▶ **AIM OF THE EXERCISE**:
Where the string "lemma" occurs in a line of the data below, that line should be copied.

[Stored data entries]

++++++++

lemma lp_space_diff:
  assumes "x \<in> lp_space p" "y \<in> lp_space p" "p > 0"
  shows "y - x \<in> lp_space p"
proof -
  have bound: "norm ((y - x) n) powr p \<le> 2 powr p * (norm (y n) powr p + norm (x n) powr p)" for n
  proof -
    have "norm ((y - x) n) \<le> 2 * max (norm (y n)) (norm (x n))"
      using norm_triangle_ineq4[of "y n" "x n"] by simp
    then have "norm ((y - x) n) powr p \<le> (2 * max (norm (y n)) (norm (x n))) powr p"
      using assms(3) by (intro powr_mono2) auto
    also have "\<dots> = 2 powr p * max (norm (y n)) (norm (x n)) powr p"
      by (simp add: powr_mult)
    also have "max (norm (y n)) (norm (x n)) powr p \<le> norm (y n) powr p + norm (x n) powr p"
      by (simp add: max_def)
    finally show ?thesis by simp
  qed
  have "summable (\<lambda>n. 2 powr p * (norm (y n) powr p + norm (x n) powr p))"
    using assms(1,2) by (intro summable_mult summable_add) (auto simp: lp_space_def)
  then have "summable (\<lambda>n. norm ((y - x) n) powr p)"
    by (rule summable_comparison_test'[where N=0]) (use bound in auto)
  then show ?thesis by (simp add: lp_space_def)
qed

lemma lp_openI_sup:
  assumes "p > 0" "U \<subseteq> lp_space p"
    and "\<And>x. x \<in> U \<Longrightarrow> \<exists>e>0. \<forall>y\<in>lp_space p. (\<exists>d<e. \<forall>i. norm (y i - x i) \<le> d) \<longrightarrow> y \<in> U"
  shows "lp_open p U"
  unfolding lp_open_def
proof (intro conjI ballI)
  fix x assume "x \<in> U"
  then obtain e where "e > 0" and e: "\<And>y. y \<in> lp_space p \<Longrightarrow> \<exists>d<e. \<forall>i. norm (y i - x i) \<le> d \<Longrightarrow> y \<in> U"
    using assms(3) by blast
  have "y \<in> U" if "y \<in> lp_space p" "lp_norm p (y - x) < e" for y
  proof (rule e[OF that(1)])
    have "y - x \<in> lp_space p"
      using assms(1,2) \<open>x \<in> U\<close> that(1) by (intro lp_space_diff) auto
    then have "norm (y i - x i) \<le> lp_norm p (y - x)" for i
      using norm_le_lp_norm[of "y - x" p i] assms(1) by simp
    with that(2) show "\<exists>d<e. \<forall>i. norm (y i - x i) \<le> d" by blast
  qed
  with \<open>e > 0\<close> show "\<exists>e>0. \<forall>y\<in>lp_space p. lp_norm p (y - x) < e \<longrightarrow> y \<in> U"
    by blast
qed (use assms(2) in auto)

definition near_e0 :: "real \<Rightarrow> (nat \<Rightarrow> complex) set" where
  "near_e0 p = {y \<in> lp_space p. norm (y 0 - 1) < 1/2}"

definition sup_ball :: "real \<Rightarrow> real \<Rightarrow> (nat \<Rightarrow> complex) set" where
  "sup_ball p \<eta> = {y \<in> lp_space p. \<exists>r<\<eta>. \<forall>i. norm (y i) \<le> r}"

lemma lp_open_near_e0: "p > 0 \<Longrightarrow> lp_open p (near_e0 p)"
proof (rule lp_openI_sup)
  fix x assume "x \<in> near_e0 p"
  then have "norm (x 0 - 1) < 1/2" by (simp add: near_e0_def)
  moreover have "norm (y 0 - 1) < 1/2"
    if "\<forall>i. norm (y i - x i) \<le> d" "d < 1/2 - norm (x 0 - 1)" for y :: "nat \<Rightarrow> complex" and d
    using that(1)[rule_format, of 0] that(2) norm_triangle_ineq[of "y 0 - x 0" "x 0 - 1"] by simp
  ultimately show "\<exists>e>0. \<forall>y\<in>lp_space p. (\<exists>d<e. \<forall>i. norm (y i - x i) \<le> d) \<longrightarrow> y \<in> near_e0 p"
    by (intro exI[of _ "1/2 - norm (x 0 - 1)"]) (auto simp: near_e0_def)
qed (auto simp: near_e0_def)

lemma near_e0_nonempty: "near_e0 p \<noteq> {}"
proof -
  have "(\<lambda>n. if n = 0 then 1 else 0) \<in> lp_space p"
    unfolding lp_space_def mem_Collect_eq by (rule summable_finite[of "{0}"]) auto
  then show ?thesis by (auto simp: near_e0_def)
qed

lemma lp_open_sup_ball: "p > 0 \<Longrightarrow> lp_open p (sup_ball p \<eta>)"
proof (rule lp_openI_sup)
  fix x assume "x \<in> sup_ball p \<eta>"
  then obtain r where "r < \<eta>" and r: "\<And>i. norm (x i) \<le> r"
    by (auto simp: sup_ball_def)
  have "y \<in> sup_ball p \<eta>"
    if "y \<in> lp_space p" "d < \<eta> - r" "\<forall>i. norm (y i - x i) \<le> d" for y d
  proof -
    have "norm (y i) \<le> d + r" for i
      using that(3)[rule_format, of i] norm_triangle_sub[of "y i" "x i"] r[of i] by linarith
    with that(1,2) show ?thesis
      unfolding sup_ball_def by (intro CollectI conjI exI[of _ "d + r"]) auto
  qed
  with \<open>r < \<eta>\<close> show "\<exists>e>0. \<forall>y\<in>lp_space p. (\<exists>d<e. \<forall>i. norm (y i - x i) \<le> d) \<longrightarrow> y \<in> sup_ball p \<eta>"
    by (intro exI[of _ "\<eta> - r"]) auto
qed (auto simp: sup_ball_def)

lemma sup_ball_nonempty: "\<eta> > 0 \<Longrightarrow> sup_ball p \<eta> \<noteq> {}"
  by (auto simp: sup_ball_def lp_space_def intro!: exI[of _ "\<lambda>_. 0"])

lemma funpow_bshift_apply:
  "(bshift w ^^ k) x i = (\<Prod>j\<in>{i<..i + k}. w j) * x (i + k)"
proof (induction k arbitrary: x)
  case (Suc k)
  have "(bshift w ^^ Suc k) x i = (bshift w ^^ k) (bshift w x) i"
    by (simp only: funpow_Suc_right comp_def)
  also have "\<dots> = (\<Prod>j\<in>{i<..i + k}. w j) * w (Suc (i + k)) * x (Suc (i + k))"
    by (simp add: Suc.IH bshift_def)
  also have "\<dots> = (\<Prod>j\<in>{i<..i + Suc k}. w j) * x (i + Suc k)"
  proof -
    have "{i<..i + Suc k} = insert (Suc (i + k)) {i<..i + k}" by auto
    then show ?thesis by (simp add: ac_simps)
  qed
  finally show ?case .
qed simp

lemma prod_atLeastAtMost_split:
  fixes a n :: nat
  shows "(\<Prod>i=1..a + n. w i) = (\<Prod>i=1..a. w i) * (\<Prod>i\<in>{a<..a + n}. w i)"
  by (subst prod.union_disjoint[symmetric]) (auto intro: prod.cong)

definition shift_quotient :: "real \<Rightarrow> (nat \<Rightarrow> complex) \<Rightarrow> (nat \<Rightarrow> complex) \<Rightarrow> nat \<Rightarrow> nat \<Rightarrow> real" where
  "shift_quotient p v w m n =
     norm (\<Prod>i=1..m. w i) powr p / (norm (\<Prod>i=1..m. v i) powr p * norm (\<Prod>i=1..m - n. w i) powr p)"

lemma shift_quotient_eq:
  assumes "n \<le> m" and "\<forall>i\<ge>1. w i \<noteq> 0"
  shows "shift_quotient p v w m n = (norm (\<Prod>i\<in>{m - n<..m}. w i) / norm (\<Prod>i=1..m. v i)) powr p"
proof -
  have "(\<Prod>i=1..m. w i) = (\<Prod>i=1..m - n. w i) * (\<Prod>i\<in>{m - n<..m}. w i)"
    using prod_atLeastAtMost_split[of w "m - n" n] assms(1) by simp
  moreover have "(\<Prod>i=1..m - n. w i) \<noteq> 0"
    using assms(2) by simp
  ultimately show ?thesis
    by (simp add: shift_quotient_def norm_mult powr_mult powr_divide)
qed

lemma tail_product_less:
  assumes "(bshift w ^^ n) x \<in> sup_ball p \<eta>" and "(bshift v ^^ m) x \<in> near_e0 p" and "n \<le> m"
  shows "norm (\<Prod>i\<in>{m - n<..m}. w i) < 2 * \<eta> * norm (\<Prod>i=1..m. v i)"
proof -
  define P V where "P = norm (\<Prod>i\<in>{m - n<..m}. w i)" and "V = norm (\<Prod>i=1..m. v i)"
  have "(bshift w ^^ n) x (m - n) = (\<Prod>i\<in>{m - n<..m}. w i) * x m"
    using funpow_bshift_apply[where w=w and k=n and i="m - n"] assms(3) by simp
  moreover obtain r where "r < \<eta>" "norm ((bshift w ^^ n) x (m - n)) \<le> r"
    using assms(1) by (auto simp: sup_ball_def)
  ultimately have small: "P * norm (x m) < \<eta>"
    by (simp add: P_def norm_mult)
  have "{0<..m} = {1..m}" by auto
  then have "(bshift v ^^ m) x 0 = (\<Prod>i=1..m. v i) * x m"
    using funpow_bshift_apply[where w=v and k=m and i=0] by simp
  with assms(2) have "norm ((\<Prod>i=1..m. v i) * x m - 1) < 1/2"
    by (simp add: near_e0_def)
  then have large: "1/2 < V * norm (x m)"
    using norm_triangle_ineq2[of 1 "(\<Prod>i=1..m. v i) * x m"]
    by (simp add: V_def norm_mult norm_minus_commute)
  have "\<eta> > 0"
    using order.strict_trans1[OF _ small] by (simp add: P_def)
  then have "\<eta> < 2 * \<eta> * (V * norm (x m))"
    using mult_strict_left_mono[OF large, of "2 * \<eta>"] by simp
  with small have "P * norm (x m) < (2 * \<eta> * V) * norm (x m)"
    by (simp add: mult.assoc)
  then show ?thesis
    unfolding P_def V_def by (rule mult_right_less_imp_less) simp
qed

++++++++

▶ **EXERCISE RESULT**:
lemma lp_space_diff:
lemma lp_openI_sup:
lemma lp_open_near_e0: "p > 0 \<Longrightarrow> lp_open p (near_e0 p)"
lemma near_e0_nonempty: "near_e0 p \<noteq> {}"
lemma lp_open_sup_ball: "p > 0 \<Longrightarrow> lp_open p (sup_ball p \<eta>)"
lemma sup_ball_nonempty: "\<eta> > 0 \<Longrightarrow> sup_ball p \<eta> \<noteq> {}"
lemma funpow_bshift_apply:
lemma prod_atLeastAtMost_split:
lemma shift_quotient_eq:
lemma tail_product_less:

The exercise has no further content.